Это была тёмная штольня, уходившая вглубь распахнутым дьявольским зёвом. Сухие балки-зубья не давали горке захлопнуть известняковую пасть. Сырок, оглядываясь, потоптался около входа, а потом вернулся к машине:
- Вытаскивай.
Гольдберг повалился на землю, как мешок с калом. Это было даже не метафорой, а его изначальной экзистенциональной сущностью. Когда я сказал это Сырку, тот не улыбнулся и почти приказал:
- Сымай с говноеда мешок.
Я сдёрнул мешок с головы банкира и вытащил кляп, обмотанный вокруг его челюсти. Исаак запаршивел. Без постоянного ухода эти молодые старики быстро приходят в негодность, как испорченный автомат. Вонючие слюни запеклись у Гольдберга на порванных губах. Они вспухли ещё больше, как будто он втайне от нас с кем-то целовался. Проморгав глаза, забитые золотым гноем, он панически, как крыска, стал оглядываться и наконец, прошипел:
- Что, наконец-то решили записать свои требования? Позвольте осведомиться, во сколько вы оценили мою жизнь? Надеюсь, не в семь сорок?

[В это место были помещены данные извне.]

text \<open>First moment: a uniformly random \<open>M\<close>-subset of the \<open>N\<close> transversals contains a
  fixed box with probability at most \<open>(M/N)^(3^k)\<close>.\<close>

lemma exists_subset_few_boxes:
  assumes "M \<le> card (transversals k m)"
  defines "q \<equiv> real M / real (card (transversals k m))"
  shows "\<exists>E \<subseteq> transversals k m. card E = M \<and>
    real M - real (card (boxes k m)) * q ^ 3 ^ k \<le> real (card E) - real (box_count k m E)"
proof -
  let ?P = "transversals k m"
  define S where "S = {E. E \<subseteq> ?P \<and> card E = M}"
  have fin_S: "finite S" by (auto simp: S_def finite_transversals)
  have card_S: "card S = card ?P choose M"
    by (simp add: S_def n_subsets finite_transversals)
  then have "S \<noteq> {}" using assms(1) by (metis card.empty zero_less_binomial less_irrefl)
  have "(\<Sum>E\<in>S. real (box_count k m E))
      = (\<Sum>E\<in>S. \<Sum>T\<in>boxes k m. of_bool (box_edges k m T \<subseteq> E))"
    using finite_boxes by (simp add: box_count_def Int_def)
  also have "\<dots> = (\<Sum>T\<in>boxes k m. \<Sum>E\<in>S. of_bool (box_edges k m T \<subseteq> E))"
    by (rule sum.swap)
  also have "\<dots> = (\<Sum>T\<in>boxes k m. real (card {E. E \<subseteq> ?P \<and> card E = M \<and> box_edges k m T \<subseteq> E}))"
    using fin_S by (intro sum.cong refl) (simp add: S_def Int_def conj_assoc)
  also have "\<dots> \<le> (\<Sum>T\<in>boxes k m. q ^ 3 ^ k * real (card ?P choose M))"
    unfolding q_def
    by (intro sum_mono card_supersets_le finite_transversals box_edges_subset
        card_box_edges_ge assms(1))
  also have "\<dots> = real (card S) * (real (card (boxes k m)) * q ^ 3 ^ k)"
    using card_S by simp
  finally have "real (card S) * (real M - real (card (boxes k m)) * q ^ 3 ^ k)
      \<le> (\<Sum>E\<in>S. real (card E) - real (box_count k m E))"
    by (simp add: S_def sum_subtractf right_diff_distrib)
  then show ?thesis using exists_ge_average[OF fin_S \<open>S \<noteq> {}\<close>] by (auto simp: S_def)
qed

lemma delete_boxes:
  assumes "E \<subseteq> transversals k m"
  shows "\<exists>E' \<subseteq> E. box_free k m E' \<and> card E - box_count k m E \<le> card E'"
proof -
  define full where "full = {T \<in> boxes k m. box_edges k m T \<subseteq> E}"
  define pick where "pick T = (SOME e. e \<in> box_edges k m T)" for T
  have pick: "pick T \<in> box_edges k m T" if "T \<in> boxes k m" for T
  proof -
    have "box_edges k m T \<noteq> {}"
      using card_box_edges_ge[OF that] by (metis card.empty le_zero_eq power_not_zero zero_neq_numeral)
    then show ?thesis unfolding pick_def by (simp add: some_in_eq)
  qed
  define E' where "E' = E - pick ` full"
  have "finite full" by (simp add: full_def finite_boxes)
  then have "card E - card (pick ` full) \<le> card E'"
    unfolding E'_def by (intro diff_card_le_card_Diff) simp
  moreover have "card (pick ` full) \<le> card full" using \<open>finite full\<close> by (rule card_image_le)
  ultimately have "card E - box_count k m E \<le> card E'"
    unfolding box_count_def full_def by linarith
  moreover have "box_free k m E'"
    unfolding box_free_def
  proof (intro ballI notI)
    fix T assume T: "T \<in> boxes k m" and sub: "box_edges k m T \<subseteq> E'"
    then have "T \<in> full" unfolding full_def E'_def by blast
    then have "pick T \<notin> E'" unfolding E'_def by blast
    with sub pick[OF T] show False by blast
  qed
  ultimately show ?thesis unfolding E'_def by blast
qed

lemma exists_box_free_of_density:
  assumes "0 < m" "0 < p" "p \<le> 1"
    and sparse: "real m ^ (3 * k) * p ^ (3 ^ k - 1) \<le> real m ^ k / 2"
  shows "\<exists>E \<subseteq> transversals k m. box_free k m E \<and> (real m ^ k * p - 1) / 2 \<le> real (card E)"
proof -
  define N where "N = card (transversals k m)"
  define M where "M = nat \<lfloor>real N * p\<rfloor>"
  define q where "q = real M / real N"
  have N: "real m ^ k \<le> real N"
    unfolding N_def by (metis card_transversals_ge of_nat_le_iff of_nat_power)
  moreover have "0 < real m ^ k" using assms(1) by simp
  ultimately have N_pos: "0 < real N" by linarith
  have "0 \<le> real N * p" using assms(2) N_pos by simp
  then have "real M = of_int \<lfloor>real N * p\<rfloor>" unfolding M_def by simp
  then have M: "real N * p - 1 \<le> real M" "real M \<le> real N * p"
    using of_int_floor_le[of "real N * p"] real_of_int_floor_add_one_gt[of "real N * p"] by linarith+
  then have "M \<le> N" using assms(3) N_pos by (metis mult_left_le of_nat_0_le_iff order_trans of_nat_le_iff)
  then obtain E where E: "E \<subseteq> transversals k m"
    "real M - real (card (boxes k m)) * q ^ 3 ^ k \<le> real (card E) - real (box_count k m E)"
    using exists_subset_few_boxes[of M k m] unfolding N_def q_def by auto
  obtain E' where E': "E' \<subseteq> E" "box_free k m E'" "card E - box_count k m E \<le> card E'"
    using delete_boxes[OF E(1)] by blast
  have q: "0 \<le> q" "q \<le> p" using M N_pos by (auto simp: q_def divide_le_eq mult.commute)
  have "real (card (boxes k m)) * q ^ 3 ^ k \<le> real m ^ (3 * k) * (p ^ (3 ^ k - 1) * q)"
  proof (intro mult_mono)
    show "real (card (boxes k m)) \<le> real m ^ (3 * k)"
      by (metis card_boxes_le of_nat_le_iff of_nat_power)
    have "q ^ 3 ^ k = q ^ (3 ^ k - 1) * q" by (metis power_minus_mult zero_less_numeral zero_less_power)
    also have "\<dots> \<le> p ^ (3 ^ k - 1) * q" using q by (intro mult_right_mono power_mono) auto
    finally show "q ^ 3 ^ k \<le> p ^ (3 ^ k - 1) * q" .
  qed (use q in auto)
  also have "\<dots> \<le> real m ^ k / 2 * q"
    using mult_right_mono[OF sparse q(1)] by (simp only: mult.assoc)
  also have "\<dots> \<le> real N / 2 * q" using N q by (intro mult_right_mono) auto
  also have "\<dots> = real M / 2" using N_pos by (simp add: q_def)
  finally have "real M / 2 \<le> real (card E')" using E(2) E'(3) by linarith
  moreover have "real m ^ k * p \<le> real N * p" using N assms(2) by simp
  ultimately show ?thesis using E(1) E'(1,2) M(1) by (intro exI[of _ E']) auto
qed

lemma density_exponent_le:
  assumes "2 \<le> k"
  shows "2 * real k / (3 ^ k - 1) \<le> real k - 1"
proof -
  have "(3::real) ^ 2 \<le> 3 ^ k" using assms by (intro power_increasing) auto
  then have three_pow: "8 \<le> (3::real) ^ k - 1" by simp
  have "2 * real k \<le> (real k - 1) * 8" using assms by simp
  also have "\<dots> \<le> (real k - 1) * (3 ^ k - 1)" using assms three_pow by (intro mult_left_mono) auto
  finally show ?thesis using three_pow by (simp add: divide_le_eq)
qed

lemma exists_dense_box_free:
  assumes "2 \<le> k" "4 \<le> m"
  shows "\<exists>E \<subseteq> transversals k m. box_free k m E \<and>
    real m powr (real k - 2 * real k / (3 ^ k - 1)) / 8 \<le> real (card E)"
proof -
  define \<alpha> where "\<alpha> = 2 * real k / (3 ^ k - 1)"
  define p where "p = real m powr (- \<alpha>) / 2"
  have "(3::real) ^ 2 \<le> 3 ^ k" using assms(1) by (intro power_increasing) auto
  then have three_pow: "8 \<le> (3::real) ^ k - 1" by simp
  have \<alpha>: "0 < \<alpha>" "\<alpha> \<le> real k - 1"
    using assms(1) three_pow density_exponent_le by (auto simp: \<alpha>_def)
  have \<alpha>_mult: "\<alpha> * real (3 ^ k - 1) = 2 * real k"
    using three_pow by (simp add: \<alpha>_def of_nat_diff)
  have m: "0 < real m" using assms(2) by simp
  have p: "0 < p" "p \<le> 1"
    using m \<alpha> powr_mono[of "- \<alpha>" 0 "real m"] assms(2) by (auto simp: p_def)
  have "(real m powr (- \<alpha>)) ^ (3 ^ k - 1) = real m powr (- \<alpha> * real (3 ^ k - 1))"
    using m by (simp add: powr_realpow[symmetric] powr_powr)
  also have "\<dots> = real m powr (real k) / real m powr (real (3 * k))"
    using \<alpha>_mult by (simp add: powr_diff[symmetric])
  moreover have "real m powr real (3 * k) = real m ^ (3 * k)" using m by (rule powr_realpow)
  ultimately have "real m ^ (3 * k) * p ^ (3 ^ k - 1) = real m ^ k / 2 ^ (3 ^ k - 1)"
    using m by (simp add: p_def power_divide powr_realpow)
  also have "\<dots> \<le> real m ^ k / 2"
  proof -
    have "(3::nat) ^ 2 \<le> 3 ^ k" using assms(1) by (intro power_increasing) auto
    then have "(2::real) ^ 1 \<le> 2 ^ (3 ^ k - 1)" by (intro power_increasing) auto
    then show ?thesis using m by (intro divide_left_mono) auto
  qed
  finally have "real m ^ (3 * k) * p ^ (3 ^ k - 1) \<le> real m ^ k / 2" .
  then obtain E where E: "E \<subseteq> transversals k m" "box_free k m E"
    "(real m ^ k * p - 1) / 2 \<le> real (card E)"
    using exists_box_free_of_density[of m p k] p assms(2) by auto
  have "real m ^ k * p = real m powr (real k - \<alpha>) / 2"
    using m by (simp add: p_def powr_diff powr_minus powr_realpow field_simps)
  moreover have "4 \<le> real m powr (real k - \<alpha>)"
    using powr_mono[of 1 "real k - \<alpha>" "real m"] \<alpha> assms(2) by simp
  ultimately show ?thesis using E unfolding \<alpha>_def by (intro exI[of _ E]) auto
qed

Он ехидно, как будто осознавая своё превосходство, засмеялся, и на меня пахнуло гнилью, как будто внутри Гольдберг был ещё гаже, чем снаружи.
- Шагай, - я толкнул его в штольню, - там разберёмся.
Сырок нагрузил рюкзак оставшимися у него золотыми слитками, протянул мне один из двух налобных фонариков и я, держа на привязи столь дорогого банкира, засеменил за товарищем. Тот шёл уверенно, как будто это были не опустошённые выработки, а залитый солнцем бульвар, по которому, к тому же, стелилась нить Ариадны.
- Как я полагаю, - невозмутимо говорил Гольдберг, - вы надеетесь, что по этим декорациям никто не определит, где я нахожусь? Тогда логичней было бы снимать меня на фоне ковра. А то ведь органы поймут, что я нахожусь в каком-то подземелье, скорей всего в бывших карьерных выработках. Чтобы вас поймать им останется только усилить патрули около таких мест. Что на это скажете, господа?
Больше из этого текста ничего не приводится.